In the general practice of forming fibrous web materials, such as laid fibrous articles, it has been common to utilize a fibrous sheet of cellulosic or other suitable absorbent material which has been fiberized in a conventional fiberizer, or other shredding or comminuting device, to form discrete fibers. In addition, particles of superabsorbent material have been mixed with the fibers. The fibers and superabsorbent particles have then been entrained in an air stream and directed to a foraminous forming surface upon which the fibers and superabsorbent particles have been deposited to form an absorbent fibrous web.
The forming surfaces utilized in such systems have been constructed with a wire or screen grid and can typically employ a pneumatic flow mechanism, such as vacuum suction apparatus, to define a differential pressure zone on the forming surface and impose a pressure differential thereon. The pressure difference has typically provided an airflow through the openings or perforations in the screen or grid of the forming surface. The use of vacuum suction to draw the air-entrained fiber stream onto the forming surfae, and pass the airflow through the forming surface has been employed in high-speed commercial operations.
The prior practice of forming airlaid fibrous webs has also employed various mechanisms to produce gradations in basis weight along the fibrous webs. For example, the mechanisms have been employed produce gradations of basis weight along a longitudinal direction of the formed web, i.e., in the direction of movement of the fibrous web through the forming process. Conventional mechanisms have also been employed for providing basis weight variations along a transverse, cross-direction of the formed web.
Conventional vacuum-deposition systems, such as those described above, have continued to exhibit various shortcomings. For example, with the conventional devices, it has been difficult to maintain a well mixed, superabsorbent distribution in narrow regions of the fibrous web. The conventional systems can excessively funnel the superabsorbent particles toward the cross-directional center of the forming surface. The conventional techniques have also produced an excessively non-uniform distribution of basis weight of fibrous material along the cross-direction in the narrow regions of the fibrous web.

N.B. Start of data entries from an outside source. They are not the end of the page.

(* Let $n\ge1$ and let $\mathcal{G}=(\mathcal{V},\mathcal{E})$ be the multigraph with vertex set $\mathcal{V}=\{0,\ldots,n\}$ and, for each $i\in\{1,\dots,n\}$, exactly two parallel edges $e_i^{(0)},e_i^{(1)}$ between vertices $i-1$ and $i$ (and no other edges). Let $\epsilon,\delta\ge0$ and $\alpha\ge0$, and let $\mathcal{A}$ be an algorithm that is $(\epsilon,\delta)$-differentially private on $\mathcal{G}$ and that on every input edge weights $w:\mathcal{E}\to\{0,1\}$ produces a path from $s=0$ to $t=n$ with expected approximation error at most $\alpha$. Then there exists a $(2\epsilon,(1+e^{\epsilon})\delta)$-differentially private algorithm $\mathcal{B}$ which on every input $x\in\{0,1\}^n$ produces $y\in\{0,1\}^n$ such that the expected Hamming distance $d_H(x,y)$ is at most $\alpha$.
   Context: Private edge weight model: for a graph $\mathcal{G}=(\mathcal{V},\mathcal{E})$, a weight function is $w:\mathcal{E}\to\mathbb{R}^+$ (nonnegative reals). Two weight functions $w,w'$ are neighboring if $\sum_{e\in\mathcal{E}}|w(e)-w'(e)|\le 1$. A randomized algorithm $\mathcal{A}$ on weight functions is $(\epsilon,\delta)$-differentially private on $\mathcal{G}$ if for all neighboring $w,w'$ and all sets $S$ of outputs, $\Pr[\mathcal{A}(w)\in S]\le e^{\epsilon}\Pr[\mathcal{A}(w')\in S]+\delta$. The approximation error of a path $P$ from $s$ to $t$ is $w(P)-d_w(s,t)$, where $w(P)$ is the sum of the edge weights on $P$ and $d_w(s,t)$ is the minimum such weight over paths from $s$ to $t$. A randomized algorithm $\mathcal{B}$ with inputs in $\{0,1\}^n$ is $(\epsilon',\delta')$-differentially private if for all $x,x'\in\{0,1\}^n$ differing in exactly one coordinate and all sets $S$ of outputs, $\Pr[\mathcal{B}(x)\in S]\le e^{\epsilon'}\Pr[\mathcal{B}(x')\in S]+\delta'$. $d_H$ denotes Hamming distance. *)

theory Defs
  imports "HOL-Probability.Probability"
begin

text \<open>The multigraph on vertices 0..n: edge (i,b), 1 \<le> i \<le> n, b :: bool, is the
  b-th of the two parallel edges between vertices i-1 and i.\<close>
definition edges :: "nat \<Rightarrow> (nat \<times> bool) set" where
  "edges n = {1..n} \<times> UNIV"

definition connects :: "nat \<times> bool \<Rightarrow> nat \<Rightarrow> nat \<Rightarrow> bool" where
  "connects e u v \<longleftrightarrow> {u, v} = {fst e - 1, fst e}"

definition is_path :: "nat \<Rightarrow> (nat \<times> bool) list \<Rightarrow> nat \<Rightarrow> nat \<Rightarrow> bool" where
  "is_path n P s t \<longleftrightarrow>
     (\<exists>vs. length vs = length P + 1 \<and> hd vs = s \<and> last vs = t \<and> distinct vs \<and>
       (\<forall>j < length P. P ! j \<in> edges n \<and> connects (P ! j) (vs ! j) (vs ! Suc j)))"

definition path_weight :: "(nat \<times> bool \<Rightarrow> real) \<Rightarrow> (nat \<times> bool) list \<Rightarrow> real" where
  "path_weight w P = sum_list (map w P)"

definition sp_dist :: "nat \<Rightarrow> (nat \<times> bool \<Rightarrow> real) \<Rightarrow> nat \<Rightarrow> nat \<Rightarrow> real" where
  "sp_dist n w s t = Inf {path_weight w P | P. is_path n P s t}"

definition is_weight :: "nat \<Rightarrow> (nat \<times> bool \<Rightarrow> real) \<Rightarrow> bool" where
  "is_weight n w \<longleftrightarrow> (\<forall>e\<in>edges n. 0 \<le> w e) \<and> (\<forall>e. e \<notin> edges n \<longrightarrow> w e = 0)"

definition neighboring :: "nat \<Rightarrow> (nat \<times> bool \<Rightarrow> real) \<Rightarrow> (nat \<times> bool \<Rightarrow> real) \<Rightarrow> bool" where
  "neighboring n w w' \<longleftrightarrow> (\<Sum>e\<in>edges n. \<bar>w e - w' e\<bar>) \<le> 1"

definition dp_graph :: "nat \<Rightarrow> real \<Rightarrow> real \<Rightarrow> ((nat \<times> bool \<Rightarrow> real) \<Rightarrow> 'b pmf) \<Rightarrow> bool" where
  "dp_graph n \<epsilon> \<delta> A \<longleftrightarrow>
     (\<forall>w w'. is_weight n w \<and> is_weight n w' \<and> neighboring n w w' \<longrightarrow>
        (\<forall>S. measure_pmf.prob (A w) S \<le> exp \<epsilon> * measure_pmf.prob (A w') S + \<delta>))"

definition hamming :: "bool list \<Rightarrow> bool list \<Rightarrow> nat" where
  "hamming x y = card {i. i < length x \<and> x ! i \<noteq> y ! i}"

definition dp_bits :: "nat \<Rightarrow> real \<Rightarrow> real \<Rightarrow> (bool list \<Rightarrow> 'b pmf) \<Rightarrow> bool" where
  "dp_bits n \<epsilon> \<delta> B \<longleftrightarrow>
     (\<forall>x x'. length x = n \<and> length x' = n \<and> hamming x x' = 1 \<longrightarrow>
        (\<forall>S. measure_pmf.prob (B x) S \<le> exp \<epsilon> * measure_pmf.prob (B x') S + \<delta>))"

end

theory Submission
  imports Defs
begin

text \<open>Encode a bit string \<open>x\<close> as the 0/1 weight function that is 0 on the edge \<open>e\<^sub>i\<^sup>(x\<^sub>i)\<close> and
  1 on \<open>e\<^sub>i\<^sup>(1-x\<^sub>i)\<close>, run \<open>\<A>\<close>, and decode the returned path by reading off which of the two
  parallel edges it uses at each level. An \<open>s\<close>-\<open>t\<close> path must cross every level, so each
  decoded bit that differs from \<open>x\<close> costs the path weight 1, while the shortest path has
  weight 0: the Hamming error is bounded by the approximation error. Two bit strings at
  Hamming distance 1 yield weight functions at \<open>\<ell>\<^sub>1\<close>-distance 2, which are joined by two
  neighbouring steps through their pointwise minimum, so two applications of the privacy of
  \<open>\<A>\<close> give the privacy of \<open>\<B>\<close>; decoding is post-processing.\<close>

lemma sum_set_le_sum_list:
  fixes w :: "'a \<Rightarrow> real"
  assumes "\<And>x. x \<in> set xs \<Longrightarrow> 0 \<le> w x"
  shows "sum w (set xs) \<le> sum_list (map w xs)"
  using assms
proof (induction xs)
  case (Cons a xs)
  then have "sum w (set (a # xs)) \<le> w a + sum w (set xs)"
    by (cases "a \<in> set xs") (simp_all add: insert_absorb)
  with Cons show ?case by simp
qed simp

lemma path_vertices_le:
  assumes "length vs = length P + 1" "last vs = n"
    and "\<forall>j < length P. P ! j \<in> edges n \<and> connects (P ! j) (vs ! j) (vs ! Suc j)"
    and "v \<in> set vs"
  shows "v \<le> n"
proof -
  obtain k where k: "k < length vs" "vs ! k = v"
    using assms(4) by (auto simp: in_set_conv_nth)
  show ?thesis
  proof (cases "k < length P")
    case True
    with assms(3) have "P ! k \<in> edges n" "connects (P ! k) (vs ! k) (vs ! Suc k)" by auto
    with k show ?thesis by (auto simp: edges_def connects_def doubleton_eq_iff)
  next
    case False
    with k assms(1) have "k = length vs - 1" "vs \<noteq> []" by auto
    with k assms(2) show ?thesis by (simp add: last_conv_nth)
  qed
qed

lemma path_length_le:
  assumes "is_path n P 0 n"
  shows "length P \<le> n"
proof -
  obtain vs where vs: "length vs = length P + 1" "last vs = n" "distinct vs"
    "\<forall>j < length P. P ! j \<in> edges n \<and> connects (P ! j) (vs ! j) (vs ! Suc j)"
    using assms unfolding is_path_def by blast
  have "set vs \<subseteq> {0..n}"
    using path_vertices_le[OF vs(1,2,4)] by auto
  then have "card (set vs) \<le> Suc n"
    using card_mono[of "{0..n}"] by fastforce
  with distinct_card[OF vs(3)] vs(1) show ?thesis by simp
qed

text \<open>The edge leaving the last vertex below level \<open>i\<close> reaches level \<open>i\<close>, so it is a copy of \<open>e\<^sub>i\<close>.\<close>
lemma path_crosses_level:
  assumes "is_path n P 0 n" "1 \<le> i" "i \<le> n"
  obtains b where "(i, b) \<in> set P"
proof -
  obtain vs where vs: "length vs = length P + 1" "hd vs = 0" "last vs = n"
    "\<forall>j < length P. P ! j \<in> edges n \<and> connects (P ! j) (vs ! j) (vs ! Suc j)"
    using assms(1) unfolding is_path_def by blast
  have last_vs: "vs ! length P = n" and first_vs: "vs ! 0 = 0"
    using vs(1-3) by (simp_all add: last_conv_nth hd_conv_nth flip: length_greater_0_conv)
  define j where "j = (LEAST j. i \<le> vs ! j)"
  have reach: "i \<le> vs ! j" and "j \<le> length P"
    unfolding j_def using assms(3) last_vs by (auto intro: LeastI Least_le)
  moreover have "j \<noteq> 0"
    using reach first_vs assms(2) by (cases j) auto
  ultimately obtain k where k: "j = Suc k" "k < length P"
    by (cases j) auto
  have "vs ! k < i"
    using not_less_Least[of k "\<lambda>j. i \<le> vs ! j"] k(1) unfolding j_def by auto
  moreover have "P ! k \<in> edges n" "connects (P ! k) (vs ! k) (vs ! Suc k)"
    using vs(4) k(2) by auto
  ultimately have "fst (P ! k) = i"
    using reach k(1) by (auto simp: edges_def connects_def doubleton_eq_iff)
  then have "(i, snd (P ! k)) \<in> set P"
    using k(2) by (metis nth_mem prod.collapse)
  then show ?thesis by (rule that)
qed

lemma level_path_is_path:
  "is_path n (map (\<lambda>i. (Suc i, x ! i)) [0..<n]) 0 n"
  unfolding is_path_def
proof (intro exI[of _ "[0..<Suc n]"] conjI allI impI)
  fix j assume "j < length (map (\<lambda>i. (Suc i, x ! i)) [0..<n])"
  then show "map (\<lambda>i. (Suc i, x ! i)) [0..<n] ! j \<in> edges n"
    and "connects (map (\<lambda>i. (Suc i, x ! i)) [0..<n] ! j) ([0..<Suc n] ! j) ([0..<Suc n] ! Suc j)"
    by (simp_all add: edges_def connects_def nth_upt del: upt_Suc)
qed (simp_all only: length_map length_upt hd_upt last_upt zero_less_Suc diff_Suc_1 distinct_upt
       diff_zero)

definition bit_weight :: "nat \<Rightarrow> bool list \<Rightarrow> nat \<times> bool \<Rightarrow> real" where
  "bit_weight n x e = (if fst e \<in> {1..n} \<and> snd e \<noteq> x ! (fst e - 1) then 1 else 0)"

definition path_bits :: "nat \<Rightarrow> (nat \<times> bool) list \<Rightarrow> bool list" where
  "path_bits n P = map (\<lambda>i. (Suc i, True) \<in> set P) [0..<n]"

lemma is_weight_bit_weight: "is_weight n (bit_weight n x)"
  by (auto simp: is_weight_def bit_weight_def edges_def)

lemma bit_weight_01: "bit_weight n x e \<in> {0, 1}"
  by (simp add: bit_weight_def)

lemma path_weight_bit_weight_bounds:
  "0 \<le> path_weight (bit_weight n x) P" "path_weight (bit_weight n x) P \<le> length P"
proof -
  show "0 \<le> path_weight (bit_weight n x) P"
    unfolding path_weight_def by (auto simp: bit_weight_def intro!: sum_list_nonneg)
  have "path_weight (bit_weight n x) P \<le> sum_list (map (\<lambda>_. 1) P)"
    unfolding path_weight_def by (rule sum_list_mono) (simp add: bit_weight_def)
  then show "path_weight (bit_weight n x) P \<le> length P"
    by (simp add: sum_list_triv)
qed

lemma sp_dist_bit_weight_nonpos: "sp_dist n (bit_weight n x) 0 n \<le> 0"
proof -
  let ?P = "map (\<lambda>i. (Suc i, x ! i)) [0..<n]"
  have "path_weight (bit_weight n x) ?P = 0"
    by (simp add: path_weight_def bit_weight_def comp_def)
  then have "0 \<in> {path_weight (bit_weight n x) P | P. is_path n P 0 n}"
    using level_path_is_path by force
  moreover have "bdd_below {path_weight (bit_weight n x) P | P. is_path n P 0 n}"
    by (rule bdd_belowI[of _ 0]) (use path_weight_bit_weight_bounds(1) in auto)
  ultimately show ?thesis
    unfolding sp_dist_def by (rule cInf_lower)
qed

Additionally, the conventional techniques have not provided a sufficiently convenient method or apparatus for changing the dimensions of the formed fibrous web. Where the formed fibrous web includes an interconnected plurality of web segments, it has been difficult to adjust the dimensions of the desired web segments without a significant reconstruction of the forming surface. Changes to the dimensions of the formed fibrous web have required the procurement, storage and maintenance of multiple sets of forming screens and introduced excessive downtime and change over costs. Accordingly, it would be a substantial advance in the art to provide a method and apparatus which can provide a more efficient removal of the formed web from the forming surface, and can better provide an adjusting of the dimensions of the intended web segments to more efficiently form components for articles of various, different sizes.